═══ SUPPLIED MATERIAL ═══
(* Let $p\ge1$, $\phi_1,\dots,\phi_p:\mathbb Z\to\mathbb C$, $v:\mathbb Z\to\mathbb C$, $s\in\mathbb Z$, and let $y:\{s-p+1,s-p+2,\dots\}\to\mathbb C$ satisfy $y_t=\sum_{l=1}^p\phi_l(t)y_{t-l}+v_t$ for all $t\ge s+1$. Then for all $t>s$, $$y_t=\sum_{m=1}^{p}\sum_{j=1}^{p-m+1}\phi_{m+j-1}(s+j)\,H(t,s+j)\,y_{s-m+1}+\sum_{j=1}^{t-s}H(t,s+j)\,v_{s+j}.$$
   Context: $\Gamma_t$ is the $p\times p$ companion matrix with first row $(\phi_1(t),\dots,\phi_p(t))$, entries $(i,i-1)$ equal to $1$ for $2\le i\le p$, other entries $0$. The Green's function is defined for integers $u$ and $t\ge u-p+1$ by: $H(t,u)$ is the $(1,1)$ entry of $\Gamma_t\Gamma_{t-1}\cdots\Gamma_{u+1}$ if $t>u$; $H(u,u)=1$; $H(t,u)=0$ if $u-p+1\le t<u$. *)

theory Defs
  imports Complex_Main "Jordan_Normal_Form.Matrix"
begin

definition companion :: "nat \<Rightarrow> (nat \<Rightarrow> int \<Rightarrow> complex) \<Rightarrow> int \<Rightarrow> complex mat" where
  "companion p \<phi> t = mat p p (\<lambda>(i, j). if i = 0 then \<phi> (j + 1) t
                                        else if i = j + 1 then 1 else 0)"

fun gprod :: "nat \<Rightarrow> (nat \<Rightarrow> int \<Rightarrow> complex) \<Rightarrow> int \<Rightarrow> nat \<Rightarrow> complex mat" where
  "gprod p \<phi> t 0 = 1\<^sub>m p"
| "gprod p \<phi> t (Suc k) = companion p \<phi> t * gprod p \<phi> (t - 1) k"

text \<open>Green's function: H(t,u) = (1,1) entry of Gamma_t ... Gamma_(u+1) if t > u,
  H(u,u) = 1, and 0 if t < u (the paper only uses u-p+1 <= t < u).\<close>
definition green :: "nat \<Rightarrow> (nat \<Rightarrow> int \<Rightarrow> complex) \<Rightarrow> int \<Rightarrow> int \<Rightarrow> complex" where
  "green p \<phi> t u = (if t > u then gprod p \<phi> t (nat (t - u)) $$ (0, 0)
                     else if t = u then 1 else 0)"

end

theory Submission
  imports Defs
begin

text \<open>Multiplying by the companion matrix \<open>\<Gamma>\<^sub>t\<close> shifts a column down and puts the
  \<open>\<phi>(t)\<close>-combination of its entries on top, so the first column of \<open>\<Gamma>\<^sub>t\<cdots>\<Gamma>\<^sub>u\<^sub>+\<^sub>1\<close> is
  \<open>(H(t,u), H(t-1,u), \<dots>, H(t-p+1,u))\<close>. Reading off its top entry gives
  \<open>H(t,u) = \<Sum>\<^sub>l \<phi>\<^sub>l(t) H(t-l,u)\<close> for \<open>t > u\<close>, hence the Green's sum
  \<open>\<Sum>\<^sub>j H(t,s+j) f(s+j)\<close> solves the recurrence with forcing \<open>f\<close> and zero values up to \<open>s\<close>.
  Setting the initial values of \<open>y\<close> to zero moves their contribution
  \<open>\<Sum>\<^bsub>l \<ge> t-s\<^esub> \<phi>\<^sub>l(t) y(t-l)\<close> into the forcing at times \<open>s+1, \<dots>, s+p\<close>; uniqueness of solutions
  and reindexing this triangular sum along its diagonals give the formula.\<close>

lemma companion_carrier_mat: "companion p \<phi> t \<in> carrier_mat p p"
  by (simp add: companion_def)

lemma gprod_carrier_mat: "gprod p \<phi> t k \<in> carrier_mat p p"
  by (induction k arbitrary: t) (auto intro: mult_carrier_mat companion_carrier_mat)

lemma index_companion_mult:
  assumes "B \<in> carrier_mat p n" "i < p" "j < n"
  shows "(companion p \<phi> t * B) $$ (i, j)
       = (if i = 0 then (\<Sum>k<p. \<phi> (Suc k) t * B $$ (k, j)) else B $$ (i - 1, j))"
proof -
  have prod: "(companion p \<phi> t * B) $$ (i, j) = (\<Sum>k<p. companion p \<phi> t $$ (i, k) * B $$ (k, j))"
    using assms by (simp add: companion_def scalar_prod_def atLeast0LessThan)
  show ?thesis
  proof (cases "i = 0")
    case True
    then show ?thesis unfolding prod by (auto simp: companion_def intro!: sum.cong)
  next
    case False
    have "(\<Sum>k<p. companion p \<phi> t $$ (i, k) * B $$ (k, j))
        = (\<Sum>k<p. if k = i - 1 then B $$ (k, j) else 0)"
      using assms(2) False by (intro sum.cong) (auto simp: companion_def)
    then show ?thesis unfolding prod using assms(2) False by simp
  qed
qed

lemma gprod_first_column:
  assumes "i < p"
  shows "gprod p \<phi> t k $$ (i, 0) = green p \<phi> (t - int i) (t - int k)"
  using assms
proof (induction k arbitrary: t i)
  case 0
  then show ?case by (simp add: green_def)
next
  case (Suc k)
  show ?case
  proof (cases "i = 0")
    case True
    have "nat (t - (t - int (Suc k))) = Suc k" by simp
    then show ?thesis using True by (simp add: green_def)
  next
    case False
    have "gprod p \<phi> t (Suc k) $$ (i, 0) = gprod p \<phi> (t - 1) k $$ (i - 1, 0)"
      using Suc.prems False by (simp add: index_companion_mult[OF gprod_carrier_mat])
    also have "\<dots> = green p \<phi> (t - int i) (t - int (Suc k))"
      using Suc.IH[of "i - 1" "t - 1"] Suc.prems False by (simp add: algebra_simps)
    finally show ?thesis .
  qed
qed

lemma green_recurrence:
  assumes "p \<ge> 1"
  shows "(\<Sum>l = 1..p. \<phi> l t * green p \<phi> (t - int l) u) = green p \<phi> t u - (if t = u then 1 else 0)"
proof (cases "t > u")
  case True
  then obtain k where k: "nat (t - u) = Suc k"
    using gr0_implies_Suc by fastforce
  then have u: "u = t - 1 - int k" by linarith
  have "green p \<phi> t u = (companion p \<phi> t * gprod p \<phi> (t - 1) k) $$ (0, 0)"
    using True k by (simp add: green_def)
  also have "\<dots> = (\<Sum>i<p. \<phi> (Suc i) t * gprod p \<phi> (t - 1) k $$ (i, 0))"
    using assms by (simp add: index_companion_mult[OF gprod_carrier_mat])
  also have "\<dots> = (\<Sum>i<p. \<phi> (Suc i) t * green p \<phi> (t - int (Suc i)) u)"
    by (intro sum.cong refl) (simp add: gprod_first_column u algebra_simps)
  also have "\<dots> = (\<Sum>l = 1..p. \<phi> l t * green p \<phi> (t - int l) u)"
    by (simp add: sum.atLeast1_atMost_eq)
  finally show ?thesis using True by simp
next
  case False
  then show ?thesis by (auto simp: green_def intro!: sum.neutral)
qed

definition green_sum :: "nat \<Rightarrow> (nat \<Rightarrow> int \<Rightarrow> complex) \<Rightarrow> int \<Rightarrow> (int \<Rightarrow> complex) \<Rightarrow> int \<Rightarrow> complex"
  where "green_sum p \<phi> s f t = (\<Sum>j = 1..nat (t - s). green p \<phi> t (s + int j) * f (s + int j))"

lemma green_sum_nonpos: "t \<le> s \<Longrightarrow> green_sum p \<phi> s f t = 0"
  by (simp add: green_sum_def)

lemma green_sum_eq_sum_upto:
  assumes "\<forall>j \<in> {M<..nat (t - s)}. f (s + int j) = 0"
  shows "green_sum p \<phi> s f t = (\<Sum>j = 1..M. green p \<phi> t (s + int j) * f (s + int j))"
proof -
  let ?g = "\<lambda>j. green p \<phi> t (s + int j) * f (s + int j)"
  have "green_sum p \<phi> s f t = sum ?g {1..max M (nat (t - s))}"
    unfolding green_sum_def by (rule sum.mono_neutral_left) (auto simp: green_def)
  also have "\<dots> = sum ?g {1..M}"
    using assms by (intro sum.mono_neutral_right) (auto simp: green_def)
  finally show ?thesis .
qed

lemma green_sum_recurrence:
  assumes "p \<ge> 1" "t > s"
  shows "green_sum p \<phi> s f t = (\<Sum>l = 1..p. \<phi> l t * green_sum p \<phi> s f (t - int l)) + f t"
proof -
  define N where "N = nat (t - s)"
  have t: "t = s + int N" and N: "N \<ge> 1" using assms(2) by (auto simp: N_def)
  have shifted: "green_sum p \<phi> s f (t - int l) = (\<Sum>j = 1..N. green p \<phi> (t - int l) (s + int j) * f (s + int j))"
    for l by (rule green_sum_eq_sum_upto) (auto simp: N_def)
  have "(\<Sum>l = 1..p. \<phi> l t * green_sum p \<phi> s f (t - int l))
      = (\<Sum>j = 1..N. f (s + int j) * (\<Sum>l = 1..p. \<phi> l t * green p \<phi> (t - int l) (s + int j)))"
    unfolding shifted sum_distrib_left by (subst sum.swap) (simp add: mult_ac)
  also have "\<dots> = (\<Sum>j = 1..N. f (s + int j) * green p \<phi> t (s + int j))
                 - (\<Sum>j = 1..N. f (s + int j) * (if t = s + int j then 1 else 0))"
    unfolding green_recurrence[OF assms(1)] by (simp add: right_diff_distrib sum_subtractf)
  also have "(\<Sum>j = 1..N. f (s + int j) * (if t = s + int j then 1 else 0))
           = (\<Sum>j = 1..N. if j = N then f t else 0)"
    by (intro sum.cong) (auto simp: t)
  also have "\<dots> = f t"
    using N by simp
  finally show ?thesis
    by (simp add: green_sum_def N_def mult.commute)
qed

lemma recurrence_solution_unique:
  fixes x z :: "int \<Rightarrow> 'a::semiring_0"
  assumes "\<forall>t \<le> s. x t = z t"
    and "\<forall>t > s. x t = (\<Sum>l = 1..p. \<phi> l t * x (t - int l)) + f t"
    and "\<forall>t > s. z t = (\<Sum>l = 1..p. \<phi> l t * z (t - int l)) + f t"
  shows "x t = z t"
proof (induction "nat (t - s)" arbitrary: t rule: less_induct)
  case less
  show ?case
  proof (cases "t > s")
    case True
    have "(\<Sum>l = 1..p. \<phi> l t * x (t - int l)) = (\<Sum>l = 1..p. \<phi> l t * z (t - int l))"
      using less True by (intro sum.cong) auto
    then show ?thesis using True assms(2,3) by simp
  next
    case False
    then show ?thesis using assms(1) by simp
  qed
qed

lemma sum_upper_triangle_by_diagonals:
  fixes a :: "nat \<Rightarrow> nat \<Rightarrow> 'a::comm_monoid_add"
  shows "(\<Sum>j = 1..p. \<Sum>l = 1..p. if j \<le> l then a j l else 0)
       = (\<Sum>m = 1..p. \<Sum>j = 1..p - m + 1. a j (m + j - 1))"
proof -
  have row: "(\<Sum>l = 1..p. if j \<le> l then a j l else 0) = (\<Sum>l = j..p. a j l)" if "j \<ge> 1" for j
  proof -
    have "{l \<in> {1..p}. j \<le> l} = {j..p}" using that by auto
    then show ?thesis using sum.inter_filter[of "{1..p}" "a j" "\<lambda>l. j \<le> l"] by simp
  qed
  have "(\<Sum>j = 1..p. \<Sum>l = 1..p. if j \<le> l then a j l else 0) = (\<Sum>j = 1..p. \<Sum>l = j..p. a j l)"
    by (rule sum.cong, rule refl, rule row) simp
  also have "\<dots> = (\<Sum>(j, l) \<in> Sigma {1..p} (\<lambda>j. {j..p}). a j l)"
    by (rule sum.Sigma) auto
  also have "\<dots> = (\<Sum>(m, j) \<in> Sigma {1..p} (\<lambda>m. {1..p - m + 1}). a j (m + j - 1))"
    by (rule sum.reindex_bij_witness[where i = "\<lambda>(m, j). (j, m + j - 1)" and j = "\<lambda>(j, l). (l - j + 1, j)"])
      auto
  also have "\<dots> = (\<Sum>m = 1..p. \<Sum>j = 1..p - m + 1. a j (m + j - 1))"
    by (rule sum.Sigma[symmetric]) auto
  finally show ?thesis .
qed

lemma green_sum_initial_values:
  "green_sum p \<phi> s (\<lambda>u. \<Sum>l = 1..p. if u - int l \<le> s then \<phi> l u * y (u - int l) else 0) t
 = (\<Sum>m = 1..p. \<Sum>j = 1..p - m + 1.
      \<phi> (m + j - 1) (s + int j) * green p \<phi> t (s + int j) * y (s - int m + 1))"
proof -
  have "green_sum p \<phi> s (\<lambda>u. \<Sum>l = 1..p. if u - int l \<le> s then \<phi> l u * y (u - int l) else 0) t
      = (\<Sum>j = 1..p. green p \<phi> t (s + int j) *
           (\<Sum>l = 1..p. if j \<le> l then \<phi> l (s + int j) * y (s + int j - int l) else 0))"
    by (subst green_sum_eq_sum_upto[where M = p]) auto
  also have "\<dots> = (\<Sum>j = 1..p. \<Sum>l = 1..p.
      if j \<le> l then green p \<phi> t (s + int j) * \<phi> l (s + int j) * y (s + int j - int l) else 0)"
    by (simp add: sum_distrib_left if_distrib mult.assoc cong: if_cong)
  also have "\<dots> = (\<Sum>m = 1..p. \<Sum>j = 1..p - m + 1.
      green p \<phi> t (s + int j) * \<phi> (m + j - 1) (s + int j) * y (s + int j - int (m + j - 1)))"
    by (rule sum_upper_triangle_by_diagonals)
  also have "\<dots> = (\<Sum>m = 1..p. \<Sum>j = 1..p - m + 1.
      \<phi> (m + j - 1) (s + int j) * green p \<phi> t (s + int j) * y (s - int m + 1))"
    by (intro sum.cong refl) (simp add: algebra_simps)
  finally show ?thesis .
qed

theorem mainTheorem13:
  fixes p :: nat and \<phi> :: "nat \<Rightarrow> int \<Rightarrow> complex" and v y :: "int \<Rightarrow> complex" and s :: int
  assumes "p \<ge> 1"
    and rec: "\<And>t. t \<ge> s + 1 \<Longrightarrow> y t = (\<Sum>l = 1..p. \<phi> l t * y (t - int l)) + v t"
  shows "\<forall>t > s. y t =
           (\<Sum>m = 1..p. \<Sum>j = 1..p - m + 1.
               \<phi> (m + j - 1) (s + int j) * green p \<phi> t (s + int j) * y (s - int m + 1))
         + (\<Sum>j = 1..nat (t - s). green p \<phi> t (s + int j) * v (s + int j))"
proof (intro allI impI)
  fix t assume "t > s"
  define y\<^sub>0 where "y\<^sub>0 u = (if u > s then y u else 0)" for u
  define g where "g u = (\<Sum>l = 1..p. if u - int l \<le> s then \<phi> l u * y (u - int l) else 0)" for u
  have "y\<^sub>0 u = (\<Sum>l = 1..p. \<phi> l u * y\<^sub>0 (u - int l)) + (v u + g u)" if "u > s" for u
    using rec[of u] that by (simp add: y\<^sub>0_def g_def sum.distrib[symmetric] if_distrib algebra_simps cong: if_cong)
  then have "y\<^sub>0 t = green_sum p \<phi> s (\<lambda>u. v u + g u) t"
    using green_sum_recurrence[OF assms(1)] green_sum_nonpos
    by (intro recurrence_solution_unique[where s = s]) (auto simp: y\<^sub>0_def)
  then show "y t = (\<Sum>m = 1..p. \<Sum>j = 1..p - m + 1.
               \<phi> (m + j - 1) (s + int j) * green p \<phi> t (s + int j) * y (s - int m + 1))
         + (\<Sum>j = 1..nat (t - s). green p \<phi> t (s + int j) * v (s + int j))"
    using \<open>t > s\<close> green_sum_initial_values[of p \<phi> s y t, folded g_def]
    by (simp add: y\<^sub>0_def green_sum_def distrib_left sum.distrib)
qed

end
═══
In the entries above, please find the line with "proof (intro allI impI)" and the line with "u * y\<^sub>0", then write out exactly those two lines and every line between them, and nothing more.

OUTPUT OF THE TASK:
proof (intro allI impI)
  fix t assume "t > s"
  define y\<^sub>0 where "y\<^sub>0 u = (if u > s then y u else 0)" for u
  define g where "g u = (\<Sum>l = 1..p. if u - int l \<le> s then \<phi> l u * y (u - int l) else 0)" for u
  have "y\<^sub>0 u = (\<Sum>l = 1..p. \<phi> l u * y\<^sub>0 (u - int l)) + (v u + g u)" if "u > s" for u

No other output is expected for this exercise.